In the earlier decades, the executive had virtually enjoyed a free hand in the matter of these appointments. Only when the power was abused, particularly by law minister Hansraj Bhardwaj, the apex court struck back. The five-member collegium now had the last word, though the nod of the executive was still required. This process too became controversial, with the UPA proposing the NJAC. The enabling Bill was passed after Modi became prime minister. Disinclined to share power, an alarmed SC voided the NJAC. However, having yielded on the MoP, it cannot wriggle out on the commitment. The decision by the CJI-headed bench not to press the Centre would suggest that either he wants to engage the executive or is keen to forget about the MoP as a bad idea.

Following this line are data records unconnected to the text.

text \<open>Families are indexed by subsets of nat; families over any countable type
are reindexed through to_nat (see gsum).\<close>

locale complete_semiring =
  fixes csum :: "(nat \<Rightarrow> 'a::semiring_1) \<Rightarrow> nat set \<Rightarrow> 'a"
  assumes csum_cong: "(\<And>i. i \<in> I \<Longrightarrow> f i = g i) \<Longrightarrow> csum f I = csum g I"
    and csum_empty: "csum f {} = 0"
    and csum_single: "csum f {i} = f i"
    and csum_pair: "i \<noteq> j \<Longrightarrow> csum f {i, j} = f i + f j"
    and csum_partition:
      "(\<forall>j\<in>J. \<forall>k\<in>J. j \<noteq> k \<longrightarrow> P j \<inter> P k = {}) \<Longrightarrow>
       csum f (\<Union>j\<in>J. P j) = csum (\<lambda>j. csum f (P j)) J"
    and csum_distrib_left: "csum (\<lambda>i. a * f i) I = a * csum f I"
    and csum_distrib_right: "csum (\<lambda>i. f i * a) I = csum f I * a"

definition gsum :: "((nat \<Rightarrow> 'a) \<Rightarrow> nat set \<Rightarrow> 'a) \<Rightarrow> ('b::countable \<Rightarrow> 'a) \<Rightarrow> 'b set \<Rightarrow> 'a" where
  "gsum cs f I = cs (\<lambda>k. f (from_nat k)) (to_nat ` I)"

definition sstar :: "((nat \<Rightarrow> 'a::semiring_1) \<Rightarrow> nat set \<Rightarrow> 'a) \<Rightarrow> 'a \<Rightarrow> 'a" where
  "sstar cs s = cs (\<lambda>j. s ^ j) UNIV"

text \<open>Matrices in (S^{n\<times>n})^{\<Gamma>^*\<times>\<Gamma>^*}: blocks indexed by pairs of
words, each block an n\<times>n matrix with row/column index type 'n (n = CARD('n)).\<close>
type_synonym ('a, 'g, 'n) pdmat = "'g list \<Rightarrow> 'g list \<Rightarrow> 'n \<Rightarrow> 'n \<Rightarrow> 'a"

definition bmult :: "('n::finite \<Rightarrow> 'n \<Rightarrow> 'a::semiring_1) \<Rightarrow> ('n \<Rightarrow> 'n \<Rightarrow> 'a) \<Rightarrow> 'n \<Rightarrow> 'n \<Rightarrow> 'a" where
  "bmult X Y = (\<lambda>i j. \<Sum>k\<in>UNIV. X i k * Y k j)"

definition mmult :: "((nat \<Rightarrow> 'a::semiring_1) \<Rightarrow> nat set \<Rightarrow> 'a) \<Rightarrow>
    ('a, 'g::countable, 'n::finite) pdmat \<Rightarrow> ('a, 'g, 'n) pdmat \<Rightarrow> ('a, 'g, 'n) pdmat" where
  "mmult cs A B = (\<lambda>\<pi>1 \<pi>2 i j. gsum cs (\<lambda>(\<pi>, k). A \<pi>1 \<pi> i k * B \<pi> \<pi>2 k j) UNIV)"

definition mone :: "('a::semiring_1, 'g, 'n) pdmat" where
  "mone = (\<lambda>\<pi>1 \<pi>2 i j. if \<pi>1 = \<pi>2 \<and> i = j then 1 else 0)"

primrec mpow :: "((nat \<Rightarrow> 'a::semiring_1) \<Rightarrow> nat set \<Rightarrow> 'a) \<Rightarrow>
    ('a, 'g::countable, 'n::finite) pdmat \<Rightarrow> nat \<Rightarrow> ('a, 'g, 'n) pdmat" where
  "mpow cs M 0 = mone"
| "mpow cs M (Suc m) = mmult cs (mpow cs M m) M"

Meanwhile, in this limbo, appointments to various HCs and even to the SC have virtually come down to a trickle, with a number of HCs working with acting chief justices. Appointments recommended by the collegium await the nod of the executive which shows no dispatch.  The situation needs to be remedied through engagement at the highest levels in the SC and the government. Vacancies in the HCs and the SC further clog the judicial system. In a spirit of mutual accommodation and in good faith the long-delayed MoP ought to be framed. Before the judiciary can work out a modus vivendi with the executive, it is important for it to set its own house in order. CJI Misra owes it to himself to go the extra mile to reassure Brother Judges that he means well by the institution he has come to head by dint of seniority and circumstance.